The Broader Industry Implications
Zscaler isn't unique. Security researchers and frustrated administrators reacted because the phrasing used in earnings calls and media reports — mention of "proprietary logs," "full URLs," and "complete logs" — reads to many like an admission of training on high-fidelity customer records.
This reflects a broader trend where cybersecurity vendors are pivoting to AI-powered services, often leveraging the massive data flows they already process. The regulatory landscape is struggling to keep pace:
- The EDPB has also emphasised that safeguards can assist in meeting the balancing test for legitimate interest processing
- The CNIL affirms that training AI models on personal data sourced from public content can be lawful under the GDPR's legitimate interest basis, provided certain conditions are met
- The EDPB Opinion also emphasised the need for controllers deploying the models to carry out an appropriate assessment on whether the model was developed lawfully
The Transparency Deficit
What makes this case particularly concerning is the apparent lack of proactive transparency. Customers and data subjects weren't informed about AI training uses until after public controversy erupted. Article 13 GDPR requires that data subjects be informed of their rights, including the right to object (which applies where processing is based on legitimate interests). In some cases, to satisfy the fairness principle, it may be appropriate to provide a specific notification to data subjects and give them the opportunity to object before processing is carried out.
What This Means for Organizations
For companies using Zscaler and similar services:
Immediate Actions:
- Review your vendor contracts for AI training clauses
- Understand whether vendors are processing your data as controllers for AI purposes
- Assess your own GDPR obligations for vendor data processing
Strategic Considerations:
- Explicit model-training clauses: Prohibit any use of customer-identifiable data for third-party model training unless explicitly consented to in writing
- Implement vendor auditing procedures for AI development activities
- Consider data residency and sovereignty implications

The Road Ahead
While the CNIL's guidance provides welcome clarity on how legitimate interest can support GDPR compliance during AI training, it does not attempt to resolve adjacent legal or strategic questions. The Zscaler controversy highlights the urgent need for:
- Clearer regulatory guidance on processor-to-controller transitions in AI contexts
- Industry standards for transparency in AI training by service providers
- Better contractual frameworks that anticipate AI development uses
- Technical solutions for privacy-preserving AI training
Conclusion
The Zscaler case represents more than a single company's misstep—it's a preview of the regulatory challenges facing the entire cybersecurity industry as AI becomes central to service delivery. Zero trust underpins the Zscaler USP, with the Z in its company name standing for zero. But when it comes to AI training transparency, the industry may need to rebuild that trust from the ground up.

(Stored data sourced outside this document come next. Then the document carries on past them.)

lemma pderiv_c_cong:
  assumes "open V" "z \<in> V" "\<And>w. w \<in> V \<Longrightarrow> f w = g w"
  shows "pderiv_c k f z = pderiv_c k g z"
  unfolding pderiv_c_def
proof (rule deriv_cong_ev)
  obtain e where e: "e > 0" "ball z e \<subseteq> V"
    using assms open_contains_ball by blast
  have "z + t *s axis k 1 \<in> V" if "dist t 0 < e" for t :: complex
    using that e by (auto simp: dist_norm norm_scalar_mult_vec norm_axis_complex)
  then show "\<forall>\<^sub>F t in nhds 0. f (z + t *s axis k 1) = g (z + t *s axis k 1)"
    unfolding eventually_nhds_metric using e(1) assms(3) by blast
qed simp

lemma holo_on_eq_zero_convex:
  assumes hol: "holo_on S g" and S: "open S" "convex S"
    and a: "a \<in> S" "e > 0" "\<forall>w\<in>ball a e. g w = 0" and y: "y \<in> S"
  shows "g y = 0"
proof -
  define line where "line t = a + t *s (y - a)" for t
  have cont: "continuous (at t) line" for t
    unfolding line_def
    by (intro continuous_intros linear_continuous_at bounded_linear_scalar_mult_vec)
  have "open (ball a e \<inter> S)" "a \<in> ball a e \<inter> S"
    using S(1) a by auto
  then obtain e' where e': "e' > 0" "ball a e' \<subseteq> ball a e \<inter> S"
    using open_contains_ball by blast
  have "line -` S = (\<lambda>t. t *s (y - a)) -` ((+) (- a) ` S)"
    unfolding line_def vimage_def image_def
    by (auto simp: algebra_simps)
  moreover have "convex ((\<lambda>t. t *s (y - a)) -` ((+) (- a) ` S))"
    by (intro convex_linear_vimage convex_translation S(2) bounded_linear.linear bounded_linear_scalar_mult_vec)
  ultimately have "convex (line -` S)"
    by simp
  then have conn: "connected (line -` S)"
    by (rule convex_connected)
  have opens: "open (line -` S)" "open (line -` ball a e')"
    using S(1) by (auto intro!: continuous_open_vimage cont)
  have sub: "line -` ball a e' \<subseteq> line -` S" and "0 \<in> line -` ball a e'" "1 \<in> line -` S"
    using e' y by (auto simp: line_def)
  have holl: "(g \<circ> line) holomorphic_on line -` S"
    unfolding line_def o_def vimage_def by (rule holo_on_holomorphic_on_line[OF hol])
  have "(g \<circ> line) 1 = (\<lambda>_. 0) 1"
  proof (rule analytic_continuation_open[OF opens(2) opens(1) _ conn sub holl])
    show "line -` ball a e' \<noteq> {}"
      using \<open>0 \<in> line -` ball a e'\<close> by blast
    show "(\<lambda>_. 0) holomorphic_on line -` S"
      by simp
    show "(g \<circ> line) t = 0" if "t \<in> line -` ball a e'" for t
      using that e' a(3) by auto
  qed fact
  then show ?thesis
    by (simp add: line_def)
qed

theorem holo_on_eq_zero_connected:
  assumes hol: "holo_on U g" and U: "open U" "connected U"
    and W: "open W" "W \<noteq> {}" "W \<subseteq> U" "\<forall>w\<in>W. g w = 0" and z: "z \<in> U"
  shows "g z = 0"
proof -
  define near_zero where "near_zero x \<longleftrightarrow> (\<exists>e>0. \<forall>w\<in>ball x e. g w = 0)" for x
  obtain w0 where w0: "w0 \<in> W"
    using W(2) by blast
  then obtain e0 where e0: "e0 > 0" "ball w0 e0 \<subseteq> W"
    using W(1) open_contains_ball by blast
  have "near_zero z"
  proof (rule connected_induction_simple[OF U(2), of w0 z near_zero])
    show "w0 \<in> U" "z \<in> U"
      using w0 W(3) z by auto
    show "near_zero w0"
      using e0 W(4) unfolding near_zero_def by blast
  next
    fix c assume "c \<in> U"
    then obtain R where R: "R > 0" "ball c R \<subseteq> U"
      using U(1) open_contains_ball by blast
    have propagate: "near_zero y" if x: "x \<in> ball c R" and y: "y \<in> ball c R" and "near_zero x" for x y
    proof -
      obtain e where e: "e > 0" "\<forall>w\<in>ball x e. g w = 0"
        using \<open>near_zero x\<close> unfolding near_zero_def by blast
      have "\<forall>w\<in>ball c R. g w = 0"
        using holo_on_eq_zero_convex[OF holo_on_subset[OF hol R(2)] open_ball convex_ball x e] by blast
      moreover have "ball y (R - dist c y) \<subseteq> ball c R"
      proof
        fix w assume "w \<in> ball y (R - dist c y)"
        then show "w \<in> ball c R"
          using dist_triangle[of c w y] by simp
      qed
      ultimately show ?thesis
        using y unfolding near_zero_def by (intro exI[of _ "R - dist c y"]) auto
    qed
    show "\<exists>T. openin (top_of_set U) T \<and> c \<in> T \<and> (\<forall>x\<in>T. \<forall>y\<in>T. near_zero x \<longrightarrow> near_zero y)"
    proof (intro exI conjI)
      show "openin (top_of_set U) (ball c R)"
        using R(2) by (simp add: open_subset)
      show "c \<in> ball c R"
        using R(1) by simp
      show "\<forall>x\<in>ball c R. \<forall>y\<in>ball c R. near_zero x \<longrightarrow> near_zero y"
        using propagate by blast
    qed
  qed
  then obtain e where "e > 0" "\<forall>w\<in>ball z e. g w = 0"
    unfolding near_zero_def by blast
  then show ?thesis
    by simp
qed

lemma pderiv_c_has_contour_integral:
  assumes hol: "holo_on U f" and r: "r > 0" "cball z r \<subseteq> U"
  shows "((\<lambda>t. f (z + t *s axis k 1) / t\<^sup>2) has_contour_integral (2 * pi * \<i> * pderiv_c k f z)) (circlepath 0 r)"
proof -
  have sub: "cball 0 r \<subseteq> {t. z + t *s axis k 1 \<in> U}"
    using r(2) by (auto simp: dist_norm norm_scalar_mult_vec norm_axis_complex)
  have holl: "(\<lambda>t. f (z + t *s axis k 1)) holomorphic_on {t. z + t *s axis k 1 \<in> U}"
    by (rule holo_on_holomorphic_on_line[OF hol])
  have "((\<lambda>t. f (z + t *s axis k 1) / (t - 0) ^ Suc 1) has_contour_integral
      (2 * pi * \<i> / fact 1 * (deriv ^^ 1) (\<lambda>t. f (z + t *s axis k 1)) 0)) (circlepath 0 r)"
  proof (rule Cauchy_has_contour_integral_higher_derivative_circlepath)
    show "continuous_on (cball 0 r) (\<lambda>t. f (z + t *s axis k 1))"
      using holomorphic_on_imp_continuous_on[OF holl] sub continuous_on_subset by blast
    show "(\<lambda>t. f (z + t *s axis k 1)) holomorphic_on ball 0 r"
      using holomorphic_on_subset[OF holl] sub ball_subset_cball by blast
  qed (use r in auto)
  then show ?thesis
    by (simp add: pderiv_c_def power2_eq_square)
qed

lemma norm_pderiv_c_diff_le:
  assumes hol: "holo_on U f" and r: "r > 0" "cball z r \<subseteq> U" "cball z' r \<subseteq> U"
    and bound: "\<And>t. norm t = r \<Longrightarrow> norm (f (z + t *s axis k 1) - f (z' + t *s axis k 1)) \<le> B"
  shows "norm (pderiv_c k f z - pderiv_c k f z') \<le> B / r"
proof -
  have "norm (f (z + of_real r *s axis k 1) - f (z' + of_real r *s axis k 1)) \<le> B"
    using r(1) by (intro bound) simp
  then have "B \<ge> 0"
    by (rule order_trans[OF norm_ge_zero])
  have "norm (f (z + t *s axis k 1) / t\<^sup>2 - f (z' + t *s axis k 1) / t\<^sup>2) \<le> B / r\<^sup>2"
    if t: "norm (t - 0) = r" for t
  proof -
    have "norm (f (z + t *s axis k 1) / t\<^sup>2 - f (z' + t *s axis k 1) / t\<^sup>2)
        = norm (f (z + t *s axis k 1) - f (z' + t *s axis k 1)) / r\<^sup>2"
      using t by (simp add: diff_divide_distrib[symmetric] norm_divide norm_power)
    also have "\<dots> \<le> B / r\<^sup>2"
      using t by (intro divide_right_mono bound) auto
    finally show ?thesis .
  qed
  then have "norm (2 * pi * \<i> * pderiv_c k f z - 2 * pi * \<i> * pderiv_c k f z') \<le> B / r\<^sup>2 * (2 * pi * r)"
    using \<open>B \<ge> 0\<close> r(1)
    by (intro has_contour_integral_bound_circlepath[OF has_contour_integral_diff[OF
          pderiv_c_has_contour_integral[OF hol r(1,2)] pderiv_c_has_contour_integral[OF hol r(1,3)]]])
       auto
  also have "B / r\<^sup>2 * (2 * pi * r) = 2 * pi * (B / r)"
    using r(1) by (simp add: power2_eq_square)
  finally have "2 * pi * norm (pderiv_c k f z - pderiv_c k f z') \<le> 2 * pi * (B / r)"
    by (simp add: right_diff_distrib[symmetric] norm_mult)
  then show ?thesis
    by (rule mult_left_le_imp_le) (simp add: pi_gt_zero)
qed

lemma norm_pderiv_c_diff_le_oscillation:
  assumes hol: "holo_on U f" and r: "r > 0" "cball z0 (2 * r) \<subseteq> U" and z: "dist z z0 < r"
    and osc: "\<And>x x'. x \<in> cball z0 (2 * r) \<Longrightarrow> x' \<in> cball z0 (2 * r) \<Longrightarrow> dist x' x = dist z z0
      \<Longrightarrow> norm (f x' - f x) \<le> B"
  shows "norm (pderiv_c k f z - pderiv_c k f z0) \<le> B / r"
proof (rule norm_pderiv_c_diff_le[OF hol r(1)])
  have balls: "cball z r \<subseteq> cball z0 (2 * r)" "cball z0 r \<subseteq> cball z0 (2 * r)"
    using z r(1) by (simp_all add: cball_subset_cball_iff)
  then show "cball z r \<subseteq> U" "cball z0 r \<subseteq> U"
    using r(2) by auto
  fix t :: complex
  assume "norm t = r"
  then have "z0 + t *s axis k 1 \<in> cball z0 r" "z + t *s axis k 1 \<in> cball z r"
    by (simp_all add: dist_norm norm_scalar_mult_vec norm_axis_complex)
  then have "z0 + t *s axis k 1 \<in> cball z0 (2 * r)" "z + t *s axis k 1 \<in> cball z0 (2 * r)"
    using balls by blast+
  moreover have "dist (z + t *s axis k 1) (z0 + t *s axis k 1) = dist z z0"
    by (simp add: dist_norm)
  ultimately show "norm (f (z + t *s axis k 1) - f (z0 + t *s axis k 1)) \<le> B"
    by (rule osc)
qed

The controversy also demonstrates the power of individual GDPR rights. A single, well-crafted data subject access request exposed gaps that could affect millions of users worldwide. As AI deployment accelerates, such scrutiny will likely intensify.
Organizations should prepare now: audit your vendor relationships, understand the data flows, and ensure your AI-powered security tools don't become compliance liabilities. In the age of AI-driven cybersecurity, trust must be not just zero—it must be earned through transparency, legal compliance, and respect for fundamental privacy rights.
This analysis is based on publicly available information and should not be considered legal advice. Organizations should consult qualified data protection counsel for specific compliance guidance.